Source priority when results arrive:

Kaggle notebooks/discussions > GitHub repos > arXiv papers > blogs > random web

Each hit goes through the same pipeline as crawled Kaggle docs: parse, tier, extract to {technique, context, why, impact}, gate into observations. Cross-source agreement bumps confidence:

if technique appears in 5+ independent sources:
    increase_confidence()
if technique improves CV on proxy competition:
    mark as "proven"

Active learning queries

The loop also searches for what the system does not know:

Memory signal	Generated query
Low confidence on `target_encoding`	`better alternatives to target encoding tabular`
High contradiction count on `PCA`	`PCA feature engineering tree models when to avoid`
Failed experiment on pseudo-labeling	`pseudo labeling confidence threshold best practices`

Playwright handles pages that need a browser (Kaggle auth, JS-rendered listings). arXiv and GitHub often go through direct HTTP. The unifying piece is not the browser. It is that every fetch enters the same ingest → validate → compile path, not a separate junk drawer.

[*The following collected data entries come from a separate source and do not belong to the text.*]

lemma eca_iter_77: "(eca_word 77 ^^ n) (alt_flip p w) = alt_flip (p + n) ((eca_word 232 ^^ n) w)"
  by (induction n) (auto simp: eca_word_77_conj)

lemma eca_iter_23: "(eca_word 23 ^^ n) w = (if odd n then map Not else id) ((eca_word 232 ^^ n) w)"
  by (induction n) (auto simp: eca_word_23_conj eca_word_232_self_dual comp_def)

lemma eca_iter_50: "(eca_word 50 ^^ Suc n) w = (eca_word 178 ^^ n) (eca_word 50 w)"
proof (induction n)
  case (Suc n)
  have "(eca_word 50 ^^ Suc (Suc n)) w = eca_word 178 ((eca_word 50 ^^ Suc n) w)"
    using eca_word_50_eq_178[OF no_111_eca_word_50] by simp
  then show ?case using Suc by simp
qed simp

lemma eca_pred_23:
  "length w = 2 * n + 1 \<Longrightarrow> eca_pred 23 n w = (eca_pred 232 n w \<noteq> odd n)"
  using eca_pred_nonempty[of w n 232] by (auto simp: eca_pred_def eca_iter_23 hd_map)

lemma eca_pred_178: "eca_pred 178 n w = eca_pred 232 n (alt_flip 0 w)"
  using eca_iter_178[of n 0 "alt_flip 0 w"] hd_alt_flip[of _ 0]
  by (cases "(eca_word 232 ^^ n) (alt_flip 0 w)") (simp_all add: eca_pred_def)

lemma eca_pred_77:
  "length w = 2 * n + 1 \<Longrightarrow> eca_pred 77 n w = (eca_pred 232 n (alt_flip 0 w) \<noteq> odd n)"
  using eca_iter_77[of n 0 "alt_flip 0 w"] eca_pred_nonempty[of "alt_flip 0 w" n 232]
  by (simp add: eca_pred_def hd_alt_flip)

lemma eca_pred_50: "eca_pred 50 (Suc n) w = eca_pred 232 n (alt_flip 0 (eca_word 50 w))"
  by (simp only: eca_pred_def eca_iter_50 eca_pred_178[unfolded eca_pred_def])

lemma maj_stable [simp]: "maj a c c = c" "maj c c a = c"
  by (auto simp: maj_def)
text \<open>The reduced components are as many as the local components; in an
  optimal representation of G - x all but two are nested in I z, and the nested ones
  avoid C - {x}, hence are non-exterior local components.\<close>
lemma wt_at_le_impropriety_delete:
  assumes sg: "simple_graph V E" and ig: "interval_graph V E" and conn: "connected_graph V E"
    and z: "z \<in> V" and C: "C \<in> local_comps V E z" and x: "x \<in> C"
    and Cx_conn: "\<exists>r\<in>C - {x}. \<forall>w\<in>C - {x}. reach (C - {x}) E r w"
    and Cx_nbr: "\<exists>w\<in>C - {x}. E z w" and Cx_non_nbr: "\<exists>w\<in>C - {x}. \<not> E z w"
  shows "wt_at V E z \<le> impropriety (V - {x}) E"
proof -
  interpret sym_adj V E using sg by (rule simple_graph_sym_adj)
  define F where "F = reduced_comps V E z x"
  have finV: "finite V" using sg unfolding simple_graph_def by simp
  have finLC: "finite (local_comps V E z)" using finite_local_comps[OF finV] .
  have xz: "x \<noteq> z" using comp_subset C x unfolding local_comps_def by blast
  obtain I0 where "is_interval_rep V E I0" using ig unfolding interval_graph_def by blast
  then obtain I where I: "is_interval_rep (V - {x}) E I"
      "imp_rep (V - {x}) I = impropriety (V - {x}) E"
    using impropriety_attained by blast
  obtain Fin where Fin: "Fin \<subseteq> F" "card F \<le> card Fin + 2"
      "\<And>D w. D \<in> Fin \<Longrightarrow> w \<in> D \<Longrightarrow> E z w" "sum card Fin \<le> imp_at (V - {x}) I z"
  proof (rule nested_members_bound[OF I(1)])
    show "finite (V - {x})" "z \<in> V - {x}" "finite F"
      using finV z xz finLC unfolding F_def reduced_comps_def by auto
    show "D \<subseteq> V - {x} - {z}" if "D \<in> F" for D
      by (rule reduced_comps_subset[OF that[unfolded F_def]])
    show "\<exists>r\<in>D. \<forall>w\<in>D. reach D E r w" if "D \<in> F" for D
    proof (cases "D = C - {x}")
      case False
      then have D: "D \<in> components (V - {z}) E"
        using reduced_comps_cases[OF C x that[unfolded F_def]] unfolding local_comps_def by blast
      then obtain d where "d \<in> D" using comp_nonempty by blast
      then show ?thesis using comp_connected[OF _ D] by blast
    qed (use Cx_conn in simp)
    show "\<exists>w\<in>D. E z w" if "D \<in> F" for D
      using reduced_comps_cases[OF C x that[unfolded F_def]]
    proof
      assume "D \<in> local_comps V E z \<and> D \<noteq> C"
      then show ?thesis using comp_has_neighbor[OF conn z, of D] by blast
    qed (use Cx_nbr in simp)
    show "v \<noteq> w \<and> \<not> E v w"
      if "D1 \<in> F" "D2 \<in> F" "D1 \<noteq> D2" "v \<in> D1" "w \<in> D2" for D1 D2 v w
      by (rule reduced_comps_separated[OF that[unfolded F_def]])
  qed blast
  have "Fin \<subseteq> {D \<in> local_comps V E z. \<not> exterior E z D}"
  proof
    fix D assume D: "D \<in> Fin"
    have "D \<noteq> C - {x}" using Cx_non_nbr Fin(3)[OF D] by blast
    moreover have "D \<in> reduced_comps V E z x" using Fin(1) D unfolding F_def by blast
    ultimately have "D \<in> local_comps V E z" using reduced_comps_cases[OF C x] by blast
    then show "D \<in> {D \<in> local_comps V E z. \<not> exterior E z D}"
      using Fin(3)[OF D] unfolding exterior_def by blast
  qed
  moreover have "card (local_comps V E z) \<le> card Fin + 2"
    using Fin(2) card_reduced_comps unfolding F_def by simp
  ultimately have "wt_at V E z \<le> sum card Fin"
    by (rule wt_at_le_sum_card[OF finLC])
  also have "\<dots> \<le> imp_rep (V - {x}) I"
    using Fin(4) imp_at_le_imp_rep[of "V - {x}" z I] finV z xz by simp
  finally show ?thesis using I(2) by simp
qed


theorem theorem3p1:
  fixes V :: "'a set" and E :: "'a \<Rightarrow> 'a \<Rightarrow> bool" and p :: nat and z :: 'a and C :: "'a set"
  assumes "simple_graph V E"
    and "interval_graph V E"
    and "connected_graph V E"
    and "balanced V E"
    and "p \<ge> 1"
    and "critical p V E"
    and "z \<in> V"
    and "\<forall>w\<in>V. wt_at V E w \<le> wt_at V E z"
    and "C \<in> local_comps V E z"
    and "exterior E z C"
  shows "card C = 2"
proof (rule ccontr)
  assume not_two: "card C \<noteq> 2"
  interpret sym_adj V E using assms(1) by (rule simple_graph_sym_adj)
  have finV: "finite V" using assms(1) unfolding simple_graph_def by simp
  have C: "C \<in> components (V - {z}) E" using assms(9) unfolding local_comps_def .
  then have finC: "finite C" using finite_subset[OF comp_subset[OF C]] finV by blast
  obtain u where u: "u \<in> C" "\<not> E z u" using assms(10) unfolding exterior_def by blast
  obtain n where n: "n \<in> C" "E z n" using comp_has_neighbor[OF assms(3,7,9)] by blast
  have "u \<noteq> n" using u n by blast
  then have "2 \<le> card C" using card_mono[OF finC, of "{u, n}"] u n by simp
  then have three: "3 \<le> card C" using not_two by linarith
  have conn_C: "\<forall>v\<in>C. reach C E r v" if "r \<in> C" for r
    using comp_connected[OF _ C that] by blast
  obtain x where x: "x \<in> C" "\<exists>r\<in>C - {x}. \<forall>v\<in>C - {x}. reach (C - {x}) E r v"
      "\<exists>v\<in>C - {x}. E z v" "\<exists>v\<in>C - {x}. \<not> E z v"
    using deletable_vertex_mixed[of C E u z n, OF finC conn_C u n three] by blast
  have "wt_at V E z \<le> impropriety (V - {x}) E"
    by (rule wt_at_le_impropriety_delete[OF assms(1-3,7,9) x])
  moreover have "wt V E = wt_at V E z"
    unfolding wt_def using assms(7,8) finV by (intro Max_eqI) auto
  then have "wt_at V E z = p" using assms(4,6) unfolding balanced_def critical_def by simp
  moreover have "V - {x} \<subset> V" using x(1) comp_subset[OF C] by auto
  then have "impropriety (V - {x}) E < p" using assms(6) unfolding critical_def by blast
  ultimately show False by simp
qed

end
lemma linear_regret_le_total_coin:
  assumes "in_simplex d u"
  shows "(\<Sum>t<T. \<Sum>i<d. g t i * (prediction A d \<pi> g t i - u i))
           \<le> (\<Sum>i<d. u i * (\<Sum>t<T. coin_seq A d \<pi> g t i))"
proof -
  define S where "S t = (\<Sum>j<d. g t j * prediction A d \<pi> g t j)" for t
  have usum: "(\<Sum>i<d. u i) = 1" and u0: "\<forall>i<d. u i \<ge> 0"
    using assms by (auto simp: in_simplex_def)
  have "(\<Sum>i<d. g t i * (prediction A d \<pi> g t i - u i)) = (\<Sum>i<d. u i * (S t - g t i))" for t
  proof -
    have "(\<Sum>i<d. g t i * (prediction A d \<pi> g t i - u i)) = S t * (\<Sum>i<d. u i) - (\<Sum>i<d. g t i * u i)"
      using usum by (simp add: S_def right_diff_distrib sum_subtractf)
    also have "\<dots> = (\<Sum>i<d. u i * (S t - g t i))"
      by (simp add: right_diff_distrib sum_subtractf sum_distrib_left mult.commute)
    finally show ?thesis .
  qed
  then have "(\<Sum>t<T. \<Sum>i<d. g t i * (prediction A d \<pi> g t i - u i))
                  = (\<Sum>t<T. \<Sum>i<d. u i * (S t - g t i))" by simp
  also have "\<dots> \<le> (\<Sum>t<T. \<Sum>i<d. u i * coin_seq A d \<pi> g t i)"
    using coin_seq_bounds(2) u0 unfolding S_def by (intro sum_mono mult_left_mono) auto
  also have "\<dots> = (\<Sum>i<d. u i * (\<Sum>t<T. coin_seq A d \<pi> g t i))"
    by (simp add: sum.swap[of _ "{..<T}"] sum_distrib_left)
  finally show ?thesis .
qed

end

lemma weighted_sum_le_KL_plus_exp:
  assumes "in_simplex d u" and "\<forall>i<d. \<pi> i > 0"
  shows "(\<Sum>i<d. u i * y i) \<le> KL d u \<pi> + (\<Sum>i<d. \<pi> i * exp (y i)) - 1"
proof -
  have u0: "\<forall>i<d. u i \<ge> 0" and usum: "(\<Sum>i<d. u i) = 1"
    using assms(1) by (auto simp: in_simplex_def)
  have entry_bound: "u i * y i \<le> (if u i = 0 then 0 else u i * ln (u i / \<pi> i)) + (\<pi> i * exp (y i) - u i)"
    if "i < d" for i
  proof (cases "u i = 0")
    case True
    then show ?thesis using assms(2) that by (simp add: less_imp_le)
  next
    case False
    have up: "u i > 0" and pp: "\<pi> i > 0" using False u0 assms(2) that by force+
    have "y i - ln (u i / \<pi> i) = ln (\<pi> i * exp (y i) / u i)"
      using up pp by (simp add: ln_div ln_mult)
    also have "\<dots> \<le> \<pi> i * exp (y i) / u i - 1"
      using up pp by (intro ln_le_minus_one) simp
    finally have "u i * (y i - ln (u i / \<pi> i)) \<le> u i * (\<pi> i * exp (y i) / u i - 1)"
      using up by (intro mult_left_mono) auto
    then show ?thesis using up by (simp add: algebra_simps)
  qed
  have "(\<Sum>i<d. u i * y i)
          \<le> (\<Sum>i<d. (if u i = 0 then 0 else u i * ln (u i / \<pi> i)) + (\<pi> i * exp (y i) - u i))"
    using entry_bound by (intro sum_mono) auto
  also have "\<dots> = KL d u \<pi> + (\<Sum>i<d. \<pi> i * exp (y i)) - 1"
    by (simp add: KL_def sum.distrib sum_subtractf usum)
  finally show ?thesis .
qed
lemma rmod_diff:
  assumes "finsupp g1" "finsupp g2"
  shows "rm (\<lambda>k. g1 k - g2 k) = (\<lambda>k. rm g1 k - rm g2 k)"
proof -
  obtain q1 where q1: "finsupp q1" "g1 = (\<lambda>k. mul q1 f k + rm g1 k)"
    using rmod_decomp(2)[OF assms(1)] by blast
  obtain q2 where q2: "finsupp q2" "g2 = (\<lambda>k. mul q2 f k + rm g2 k)"
    using rmod_decomp(2)[OF assms(2)] by blast
  have "(\<lambda>k. g1 k - g2 k) = (\<lambda>k. mul (\<lambda>i. q1 i - q2 i) f k + (rm g1 k - rm g2 k))"
    unfolding skmult_diff_left[OF q1(1) q2(1)]
    by (simp add: fun_cong[OF q1(2)] fun_cong[OF q2(2)] algebra_simps)
  then show ?thesis
    by (rule rmod_eqI[OF deg_less_diff[OF rmod_decomp(1)[OF assms(1)] rmod_decomp(1)[OF assms(2)]]
          finsupp_diff[OF q1(1) q2(1)]])
qed

lemma rmod_mult_left:
  assumes "finsupp g"
  shows "rm (\<lambda>k. c * g k) = (\<lambda>k. c * rm g k)"
proof -
  obtain q where q: "finsupp q" "g = (\<lambda>k. mul q f k + rm g k)" using rmod_decomp(2)[OF assms] by blast
  have "(\<lambda>k. c * g k) = (\<lambda>k. mul (\<lambda>i. c * q i) f k + c * rm g k)"
    unfolding skmult_mult_left[OF q(1)] by (simp add: fun_cong[OF q(2)] algebra_simps)
  then show ?thesis
    by (rule rmod_eqI[OF deg_less_mult_left[OF rmod_decomp(1)[OF assms]] finsupp_mult_left[OF q(1)]])
qed

section \<open>Associators and nuclei of the Petit algebra\<close>

lemma obtain_petit_quotient:
  assumes "deg_less x m" "deg_less y m"
  obtains Q where "finsupp Q" "mul x y = (\<lambda>k. mul Q f k + pm x y k)"
  using rmod_decomp(2)[OF finsupp_skmult[OF finsupp_if_deg_less finsupp_if_deg_less]] assms
  unfolding pmult_def by metis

Implementation stages (where I am)

Stage	Status
Step 1: Hardcoded 5–10 queries, scrape top results, run ingest	Designed; Kaggle crawl + ingest live
Step 2: LLM-generated queries from memory gaps	Planned
Step 3: Fully autonomous research → experiment loop	Target

The principle I keep repeating: reading gives ideas, experiments give truth. Playwright is a fetch tool. The research agent is the loop around it.

Where It Stands

AutoKaggle today is a research prototype, not a Kaggle Grandmaster in a box. It crawls, ingests with hybrid extraction, maintains hybrid memory, serves RAG, plans strategies, trains tabular models, and records what it tried. The eval harness keeps me honest with separate tracks for seeded fixture retrieval vs generic crawl honesty.

I still want to win competitions. But the project taught me that the path there runs through memory engineering, the unglamorous layer Karpathy and half the industry are suddenly building in public.

I started by asking how to beat the leaderboard. I ended up asking how an agent remembers what works, forgets what does not, and compounds knowledge across competitions on a gaming laptop and a four-gigabyte budget.

That was not the plan. It might be the more interesting project.